lemma quad_form_scale: "quad_form A S (\<lambda>i. c * w i) = c^2 * quad_form A S w"
  by (simp add: quad_form_def sum_distrib_left power2_eq_square algebra_simps)

lemma quad_form_cong: "(\<And>i. i \<in> S \<Longrightarrow> w i = w' i) \<Longrightarrow> quad_form A S w = quad_form A S w'"
  unfolding quad_form_def by (intro sum.cong refl) auto

lemma nonpos_of_le_quadratic:
  fixes a c :: real
  assumes "\<And>t. 0 < t \<Longrightarrow> a * t \<le> c * t^2"
  shows "a \<le> 0"
proof (rule ccontr)
  assume "\<not> a \<le> 0"
  define t where "t = a / (\<bar>c\<bar> + 1)"
  have "t > 0" using \<open>\<not> a \<le> 0\<close> by (simp add: t_def)
  have "c * t \<le> \<bar>c\<bar> * t" using \<open>t > 0\<close> by (simp add: mult_right_mono)
  also have "\<dots> < a" using \<open>\<not> a \<le> 0\<close> by (simp add: t_def field_simps)
  finally have "c * t^2 < a * t" using \<open>t > 0\<close> by (simp add: power2_eq_square)
  then show False using assms[OF \<open>t > 0\<close>] by simp
qed

lemma compact_coordinate_box:
  "compact {x :: nat \<Rightarrow> real. \<forall>i. x i \<in> (if i \<in> S then {-1..1} else {0})}"
proof -
  have "compactin (product_topology (\<lambda>i. euclidean) UNIV) (PiE UNIV (\<lambda>i. if i \<in> S then {-1..1::real} else {0}))"
    by (subst compactin_PiE) auto
  moreover have "PiE UNIV (\<lambda>i. if i \<in> S then {-1..1::real} else {0}) =
      {x. \<forall>i. x i \<in> (if i \<in> S then {-1..1} else {0})}"
    by (auto simp: PiE_UNIV_domain Pi_def)
  ultimately show ?thesis by (simp add: euclidean_product_topology)
qed

lemma quad_form_le_of_unit_sphere:
  assumes "finite S" and le: "\<And>y. (\<Sum>i\<in>S. (y i)^2) = 1 \<Longrightarrow> quad_form A S y \<le> M"
  shows "quad_form A S w \<le> M * (\<Sum>i\<in>S. (w i)^2)"
proof (cases "\<forall>i\<in>S. w i = 0")
  case True
  then show ?thesis by (simp add: quad_form_def)
next
  case False
  define N where "N = (\<Sum>i\<in>S. (w i)^2)"
  have "N > 0" using False assms(1) by (auto simp: N_def sum_nonneg sum_nonneg_eq_0_iff less_le)
  define c where "c = 1 / sqrt N"
  have c2: "c^2 * N = 1" using \<open>N > 0\<close> by (simp add: c_def power_divide)
  then have "c^2 * quad_form A S w \<le> M"
    using le[of "\<lambda>i. c * w i"] by (simp add: quad_form_scale N_def power_mult_distrib flip: sum_distrib_left)
  then have "c^2 * quad_form A S w * N \<le> M * N" using \<open>N > 0\<close> by simp
  moreover have "c^2 * quad_form A S w * N = quad_form A S w"
    using c2 by (metis mult.assoc mult.commute mult_1_right)
  ultimately show ?thesis unfolding N_def by linarith
qed

lemma quad_form_attains_max_on_sphere:
  assumes "finite S" "S \<noteq> {}"
  obtains u where "(\<Sum>i\<in>S. (u i)^2) = 1"
    "\<And>w. quad_form A S w \<le> quad_form A S u * (\<Sum>i\<in>S. (w i)^2)"
proof -
  define N where "N w = (\<Sum>i\<in>S. (w i)^2)" for w :: "nat \<Rightarrow> real"
  define K where "K = {x. \<forall>i. x i \<in> (if i \<in> S then {-1..1} else {0})} \<inter> {x. N x = 1}"
  have "compact K"
    unfolding K_def N_def
    by (intro compact_Int_closed compact_coordinate_box closed_Collect_eq continuous_intros
        continuous_on_product_coordinates)
  moreover obtain i0 where "i0 \<in> S" using assms(2) by blast
  then have "(\<lambda>i. if i = i0 then 1 else 0) \<in> K"
    using assms(1) by (simp add: K_def N_def if_distrib[of "\<lambda>x. x^2"] cong: if_cong)
  then have "K \<noteq> {}" by blast
  moreover have "continuous_on UNIV (quad_form A S)"
    unfolding quad_form_def by (intro continuous_intros continuous_on_product_coordinates)
  then have "continuous_on K (quad_form A S)" by (rule continuous_on_subset) simp
  ultimately obtain u where "u \<in> K" and u_max: "\<And>y. y \<in> K \<Longrightarrow> quad_form A S y \<le> quad_form A S u"
    using continuous_attains_sup[of K "quad_form A S"] by blast
  have "quad_form A S y \<le> quad_form A S u" if "N y = 1" for y
  proof -
    define y' where "y' i = (if i \<in> S then y i else 0)" for i
    have "N y' = 1" using that by (simp add: N_def y'_def)
    moreover have "\<bar>y' i\<bar> \<le> 1" if "i \<in> S" for i
    proof -
      have "(y' i)^2 \<le> N y'" unfolding N_def using assms(1) that by (intro member_le_sum) auto
      then show ?thesis using \<open>N y' = 1\<close> abs_le_square_iff[of "y' i" 1] by simp
    qed
    ultimately have "y' \<in> K" by (auto simp: K_def y'_def abs_le_iff)
    then show ?thesis using u_max[of y'] quad_form_cong[of S y' y A] by (simp add: y'_def)
  qed
  moreover have "N u = 1" using \<open>u \<in> K\<close> by (simp add: K_def)
  ultimately show ?thesis using that quad_form_le_of_unit_sphere[OF assms(1)] unfolding N_def by blast
qed

text \<open>Moving from the maximiser \<open>u\<close> along the residual \<open>r = A u - M u\<close> changes
  \<open>quad_form A S - M \<parallel>_\<parallel>\<^sup>2\<close> by \<open>2 t \<parallel>r\<parallel>\<^sup>2 + O(t\<^sup>2)\<close>, so \<open>r = 0\<close>.\<close>
lemma quad_form_max_imp_eigen:
  fixes A :: "nat \<Rightarrow> nat \<Rightarrow> real"
  assumes sym: "\<And>i j. A i j = A j i"
    and le: "\<And>w. quad_form A S w \<le> M * (\<Sum>i\<in>S. (w i)^2)"
    and eq: "quad_form A S u = M * (\<Sum>i\<in>S. (u i)^2)"
    and "finite S"
  shows "\<forall>i\<in>S. (\<Sum>j\<in>S. A i j * u j) = M * u i"
proof -
  define r where "r i = (\<Sum>j\<in>S. A i j * u j) - M * u i" for i
  define Nr where "Nr = (\<Sum>i\<in>S. (r i)^2)"
  have "(\<Sum>i\<in>S. r i * (\<Sum>j\<in>S. A i j * u j)) - M * (\<Sum>i\<in>S. r i * u i) =
      (\<Sum>i\<in>S. r i * ((\<Sum>j\<in>S. A i j * u j) - M * u i))"
    by (simp add: sum_subtractf sum_distrib_left right_diff_distrib mult.left_commute)
  also have "\<dots> = Nr" by (simp only: r_def[symmetric] Nr_def power2_eq_square)
  finally have cross: "(\<Sum>i\<in>S. r i * (\<Sum>j\<in>S. A i j * u j)) - M * (\<Sum>i\<in>S. r i * u i) = Nr" .
  have "2 * Nr * t \<le> (M * Nr - quad_form A S r) * t^2" if "t > 0" for t
  proof -
    define X where "X = (\<Sum>i\<in>S. r i * (\<Sum>j\<in>S. A i j * u j))"
    define Y where "Y = (\<Sum>i\<in>S. r i * u i)"
    have "(\<Sum>i\<in>S. (u i + t * r i)^2) = (\<Sum>i\<in>S. (u i)^2 + 2 * t * (r i * u i) + t^2 * (r i)^2)"
      by (intro sum.cong refl) (simp add: power2_eq_square algebra_simps)
    also have "\<dots> = (\<Sum>i\<in>S. (u i)^2) + 2 * t * Y + t^2 * Nr"
      by (simp add: Y_def Nr_def sum.distrib sum_distrib_left)
    finally have sq: "(\<Sum>i\<in>S. (u i + t * r i)^2) = (\<Sum>i\<in>S. (u i)^2) + 2 * t * Y + t^2 * Nr" .
    have "quad_form A S u + 2 * t * X + t^2 * quad_form A S r \<le>
        M * ((\<Sum>i\<in>S. (u i)^2) + 2 * t * Y + t^2 * Nr)"
      using le[of "\<lambda>i. u i + t * r i"] unfolding quad_form_add_scaled[OF sym] sq X_def .
    moreover have "X = M * Y + Nr" using cross unfolding X_def Y_def by linarith
    ultimately show ?thesis using eq by (simp add: algebra_simps)
  qed
  then have "2 * Nr \<le> 0" by (rule nonpos_of_le_quadratic)
  then have "Nr = 0" by (simp add: Nr_def sum_nonneg order_antisym)
  then show ?thesis using \<open>finite S\<close> by (simp add: Nr_def r_def sum_nonneg_eq_0_iff)
qed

-------------------------

_PROBLEM_. Please restate, word for word, the lines of the entries that run from the first line through the one holding "(simp add: t_def)", and add nothing.

_ANSWER SPACE_.
lemma quad_form_scale: "quad_form A S (\<lambda>i. c * w i) = c^2 * quad_form A S w"
  by (simp add: quad_form_def sum_distrib_left power2_eq_square algebra_simps)

lemma quad_form_cong: "(\<And>i. i \<in> S \<Longrightarrow> w i = w' i) \<Longrightarrow> quad_form A S w = quad_form A S w'"
  unfolding quad_form_def by (intro sum.cong refl) auto

lemma nonpos_of_le_quadratic:
  fixes a c :: real
  assumes "\<And>t. 0 < t \<Longrightarrow> a * t \<le> c * t^2"
  shows "a \<le> 0"
proof (rule ccontr)
  assume "\<not> a \<le> 0"
  define t where "t = a / (\<bar>c\<bar> + 1)"
  have "t > 0" using \<open>\<not> a \<le> 0\<close> by (simp add: t_def)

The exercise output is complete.